TASK PROMPT → Your task is to repeat the records exactly from the line containing "theory Defs" onward, through the final line.

MATERIAL FOR THIS TASK →
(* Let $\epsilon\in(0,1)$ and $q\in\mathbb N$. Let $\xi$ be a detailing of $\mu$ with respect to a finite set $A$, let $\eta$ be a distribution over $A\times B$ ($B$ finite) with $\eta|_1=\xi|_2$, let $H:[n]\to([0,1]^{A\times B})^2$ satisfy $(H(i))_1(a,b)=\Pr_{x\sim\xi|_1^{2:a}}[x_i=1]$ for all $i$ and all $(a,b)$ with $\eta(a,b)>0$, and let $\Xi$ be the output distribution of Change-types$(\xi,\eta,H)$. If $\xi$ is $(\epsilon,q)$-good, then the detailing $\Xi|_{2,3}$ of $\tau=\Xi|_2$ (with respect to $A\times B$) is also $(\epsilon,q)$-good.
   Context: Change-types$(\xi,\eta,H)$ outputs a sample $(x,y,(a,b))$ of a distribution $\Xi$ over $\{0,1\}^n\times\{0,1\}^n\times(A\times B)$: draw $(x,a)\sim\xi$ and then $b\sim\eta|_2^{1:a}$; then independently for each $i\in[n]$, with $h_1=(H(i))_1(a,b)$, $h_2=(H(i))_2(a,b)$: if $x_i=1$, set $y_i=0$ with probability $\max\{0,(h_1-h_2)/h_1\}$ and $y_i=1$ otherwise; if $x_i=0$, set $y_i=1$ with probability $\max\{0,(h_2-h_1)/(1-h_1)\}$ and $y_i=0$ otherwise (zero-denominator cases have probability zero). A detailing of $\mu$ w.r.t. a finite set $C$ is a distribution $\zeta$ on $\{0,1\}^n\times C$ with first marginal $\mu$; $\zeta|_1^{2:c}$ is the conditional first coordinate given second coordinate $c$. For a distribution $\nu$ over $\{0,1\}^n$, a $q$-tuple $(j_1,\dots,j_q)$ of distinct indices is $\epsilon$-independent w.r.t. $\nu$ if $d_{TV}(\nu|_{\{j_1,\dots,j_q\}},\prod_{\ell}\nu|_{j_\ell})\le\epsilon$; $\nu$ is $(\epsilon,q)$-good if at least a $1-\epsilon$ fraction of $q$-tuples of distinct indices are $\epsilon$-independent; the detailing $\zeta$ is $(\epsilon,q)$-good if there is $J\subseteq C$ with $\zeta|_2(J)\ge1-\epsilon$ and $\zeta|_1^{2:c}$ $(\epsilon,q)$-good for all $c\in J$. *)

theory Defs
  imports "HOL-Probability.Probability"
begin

TASK SOLUTION →
theory Defs
  imports "HOL-Probability.Probability"
begin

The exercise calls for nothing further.